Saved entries
---

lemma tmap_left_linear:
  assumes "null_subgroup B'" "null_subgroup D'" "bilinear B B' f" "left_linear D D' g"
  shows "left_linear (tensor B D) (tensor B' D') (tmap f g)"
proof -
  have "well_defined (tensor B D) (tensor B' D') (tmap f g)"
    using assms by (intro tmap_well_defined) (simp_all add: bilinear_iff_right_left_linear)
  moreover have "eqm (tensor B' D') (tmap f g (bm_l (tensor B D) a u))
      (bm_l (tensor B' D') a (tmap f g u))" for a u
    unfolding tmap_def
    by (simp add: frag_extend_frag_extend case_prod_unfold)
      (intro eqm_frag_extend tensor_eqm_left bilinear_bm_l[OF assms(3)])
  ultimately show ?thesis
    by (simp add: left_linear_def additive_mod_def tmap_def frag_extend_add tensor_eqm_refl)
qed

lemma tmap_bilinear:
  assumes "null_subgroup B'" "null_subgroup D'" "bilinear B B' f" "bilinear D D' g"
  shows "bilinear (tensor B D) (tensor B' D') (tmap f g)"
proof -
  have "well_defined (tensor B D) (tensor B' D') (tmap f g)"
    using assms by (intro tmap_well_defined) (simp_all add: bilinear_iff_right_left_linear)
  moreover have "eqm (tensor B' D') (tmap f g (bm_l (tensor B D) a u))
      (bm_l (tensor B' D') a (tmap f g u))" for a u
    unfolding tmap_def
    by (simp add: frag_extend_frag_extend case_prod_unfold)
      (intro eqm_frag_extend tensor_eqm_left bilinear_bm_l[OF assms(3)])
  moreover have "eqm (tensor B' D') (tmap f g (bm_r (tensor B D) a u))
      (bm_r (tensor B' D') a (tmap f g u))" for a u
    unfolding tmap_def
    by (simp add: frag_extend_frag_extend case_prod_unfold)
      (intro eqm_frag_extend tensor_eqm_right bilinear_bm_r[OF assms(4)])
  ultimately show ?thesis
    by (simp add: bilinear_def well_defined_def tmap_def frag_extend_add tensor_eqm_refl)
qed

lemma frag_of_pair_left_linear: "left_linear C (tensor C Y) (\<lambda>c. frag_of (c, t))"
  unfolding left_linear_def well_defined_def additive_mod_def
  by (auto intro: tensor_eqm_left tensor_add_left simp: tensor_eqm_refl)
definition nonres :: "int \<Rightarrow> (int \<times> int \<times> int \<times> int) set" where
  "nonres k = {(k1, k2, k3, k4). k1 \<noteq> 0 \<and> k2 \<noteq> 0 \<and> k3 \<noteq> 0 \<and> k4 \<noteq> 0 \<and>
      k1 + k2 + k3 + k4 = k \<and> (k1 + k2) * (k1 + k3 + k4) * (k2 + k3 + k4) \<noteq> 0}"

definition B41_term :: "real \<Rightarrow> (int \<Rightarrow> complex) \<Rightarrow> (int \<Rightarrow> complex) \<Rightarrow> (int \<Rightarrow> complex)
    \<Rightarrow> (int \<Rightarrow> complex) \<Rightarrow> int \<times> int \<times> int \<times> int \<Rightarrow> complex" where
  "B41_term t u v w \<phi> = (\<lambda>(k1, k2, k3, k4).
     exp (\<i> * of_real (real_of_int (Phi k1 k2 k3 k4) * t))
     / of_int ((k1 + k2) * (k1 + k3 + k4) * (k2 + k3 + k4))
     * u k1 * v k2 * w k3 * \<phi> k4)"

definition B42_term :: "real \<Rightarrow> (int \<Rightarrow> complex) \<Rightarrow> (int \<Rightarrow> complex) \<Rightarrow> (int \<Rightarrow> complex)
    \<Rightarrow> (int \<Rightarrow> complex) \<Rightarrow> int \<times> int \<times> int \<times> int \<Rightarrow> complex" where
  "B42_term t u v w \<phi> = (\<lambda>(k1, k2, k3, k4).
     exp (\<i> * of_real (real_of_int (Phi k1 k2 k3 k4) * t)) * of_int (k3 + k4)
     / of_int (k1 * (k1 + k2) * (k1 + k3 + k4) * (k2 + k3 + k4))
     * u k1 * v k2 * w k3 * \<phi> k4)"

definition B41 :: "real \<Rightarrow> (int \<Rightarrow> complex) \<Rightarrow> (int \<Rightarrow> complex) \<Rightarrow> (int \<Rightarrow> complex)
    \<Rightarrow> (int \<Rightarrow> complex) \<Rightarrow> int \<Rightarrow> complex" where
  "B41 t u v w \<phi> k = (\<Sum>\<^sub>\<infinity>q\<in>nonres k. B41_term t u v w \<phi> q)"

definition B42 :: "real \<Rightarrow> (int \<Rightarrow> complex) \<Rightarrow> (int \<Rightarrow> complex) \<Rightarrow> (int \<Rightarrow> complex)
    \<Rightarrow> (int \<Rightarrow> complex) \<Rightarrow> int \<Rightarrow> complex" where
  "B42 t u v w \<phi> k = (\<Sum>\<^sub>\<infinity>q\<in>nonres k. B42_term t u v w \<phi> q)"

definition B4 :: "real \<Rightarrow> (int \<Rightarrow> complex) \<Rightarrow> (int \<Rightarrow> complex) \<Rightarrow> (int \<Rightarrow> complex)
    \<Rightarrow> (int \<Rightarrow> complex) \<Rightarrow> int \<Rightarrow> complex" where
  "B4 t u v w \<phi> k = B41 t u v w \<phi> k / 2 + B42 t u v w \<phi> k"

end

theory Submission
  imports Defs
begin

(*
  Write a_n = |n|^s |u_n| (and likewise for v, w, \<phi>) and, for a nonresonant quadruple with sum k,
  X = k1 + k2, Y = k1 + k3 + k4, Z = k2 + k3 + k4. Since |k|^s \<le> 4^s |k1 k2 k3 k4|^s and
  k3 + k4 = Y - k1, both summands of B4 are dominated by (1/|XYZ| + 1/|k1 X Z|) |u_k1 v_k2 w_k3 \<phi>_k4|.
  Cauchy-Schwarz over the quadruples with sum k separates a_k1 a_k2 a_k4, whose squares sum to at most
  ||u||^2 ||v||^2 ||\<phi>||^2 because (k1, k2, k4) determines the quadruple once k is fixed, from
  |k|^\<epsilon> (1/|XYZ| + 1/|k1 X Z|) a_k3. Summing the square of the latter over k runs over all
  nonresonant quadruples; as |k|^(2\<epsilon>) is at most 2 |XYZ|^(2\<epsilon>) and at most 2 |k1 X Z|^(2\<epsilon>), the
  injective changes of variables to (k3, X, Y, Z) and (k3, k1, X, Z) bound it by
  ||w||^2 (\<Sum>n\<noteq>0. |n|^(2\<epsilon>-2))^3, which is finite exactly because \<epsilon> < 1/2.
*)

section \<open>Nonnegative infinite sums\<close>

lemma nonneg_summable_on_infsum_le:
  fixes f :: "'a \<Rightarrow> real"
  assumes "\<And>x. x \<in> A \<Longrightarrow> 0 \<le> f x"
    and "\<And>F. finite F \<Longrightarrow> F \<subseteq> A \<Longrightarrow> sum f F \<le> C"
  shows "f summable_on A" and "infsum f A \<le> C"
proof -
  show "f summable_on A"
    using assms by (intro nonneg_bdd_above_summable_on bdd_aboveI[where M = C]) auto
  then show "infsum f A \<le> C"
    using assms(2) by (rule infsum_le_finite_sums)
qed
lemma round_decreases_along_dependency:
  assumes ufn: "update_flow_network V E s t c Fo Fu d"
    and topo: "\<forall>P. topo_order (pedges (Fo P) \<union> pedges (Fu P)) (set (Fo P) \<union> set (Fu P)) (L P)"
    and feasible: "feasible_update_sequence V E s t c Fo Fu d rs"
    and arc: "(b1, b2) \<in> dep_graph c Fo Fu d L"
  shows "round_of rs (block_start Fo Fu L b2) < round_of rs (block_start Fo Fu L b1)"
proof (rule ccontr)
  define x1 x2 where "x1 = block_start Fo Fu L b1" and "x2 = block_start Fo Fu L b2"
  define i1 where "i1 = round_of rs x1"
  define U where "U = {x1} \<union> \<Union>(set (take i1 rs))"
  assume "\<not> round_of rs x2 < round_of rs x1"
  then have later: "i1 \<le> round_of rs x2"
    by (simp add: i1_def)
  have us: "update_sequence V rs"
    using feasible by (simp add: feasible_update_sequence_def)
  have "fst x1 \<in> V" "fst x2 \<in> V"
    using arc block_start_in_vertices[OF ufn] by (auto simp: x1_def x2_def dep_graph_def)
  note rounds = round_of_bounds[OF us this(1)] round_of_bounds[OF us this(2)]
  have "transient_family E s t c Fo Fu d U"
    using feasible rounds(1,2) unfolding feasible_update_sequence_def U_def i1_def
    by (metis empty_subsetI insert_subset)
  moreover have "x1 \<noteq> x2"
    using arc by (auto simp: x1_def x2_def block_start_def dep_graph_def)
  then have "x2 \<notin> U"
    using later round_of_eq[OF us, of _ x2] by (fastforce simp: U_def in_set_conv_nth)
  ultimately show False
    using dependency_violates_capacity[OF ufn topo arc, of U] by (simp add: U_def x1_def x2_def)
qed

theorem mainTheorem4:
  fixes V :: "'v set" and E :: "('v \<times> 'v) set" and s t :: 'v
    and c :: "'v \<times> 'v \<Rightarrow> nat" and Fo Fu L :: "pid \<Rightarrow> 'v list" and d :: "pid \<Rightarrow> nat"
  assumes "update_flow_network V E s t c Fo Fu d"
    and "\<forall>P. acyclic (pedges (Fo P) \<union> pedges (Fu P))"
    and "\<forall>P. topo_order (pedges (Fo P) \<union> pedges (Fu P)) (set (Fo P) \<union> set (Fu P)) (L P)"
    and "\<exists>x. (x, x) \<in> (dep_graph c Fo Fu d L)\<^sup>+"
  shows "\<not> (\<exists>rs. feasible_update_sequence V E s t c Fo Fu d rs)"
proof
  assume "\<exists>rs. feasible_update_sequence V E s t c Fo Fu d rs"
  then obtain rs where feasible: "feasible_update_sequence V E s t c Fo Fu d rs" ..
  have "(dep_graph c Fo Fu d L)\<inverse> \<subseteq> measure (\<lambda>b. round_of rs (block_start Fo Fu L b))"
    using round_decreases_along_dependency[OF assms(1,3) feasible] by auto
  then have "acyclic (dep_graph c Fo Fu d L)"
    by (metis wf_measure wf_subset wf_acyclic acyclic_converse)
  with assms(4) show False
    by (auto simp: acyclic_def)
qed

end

---

Provide the count of lines in the data above containing "most", and nothing further.

2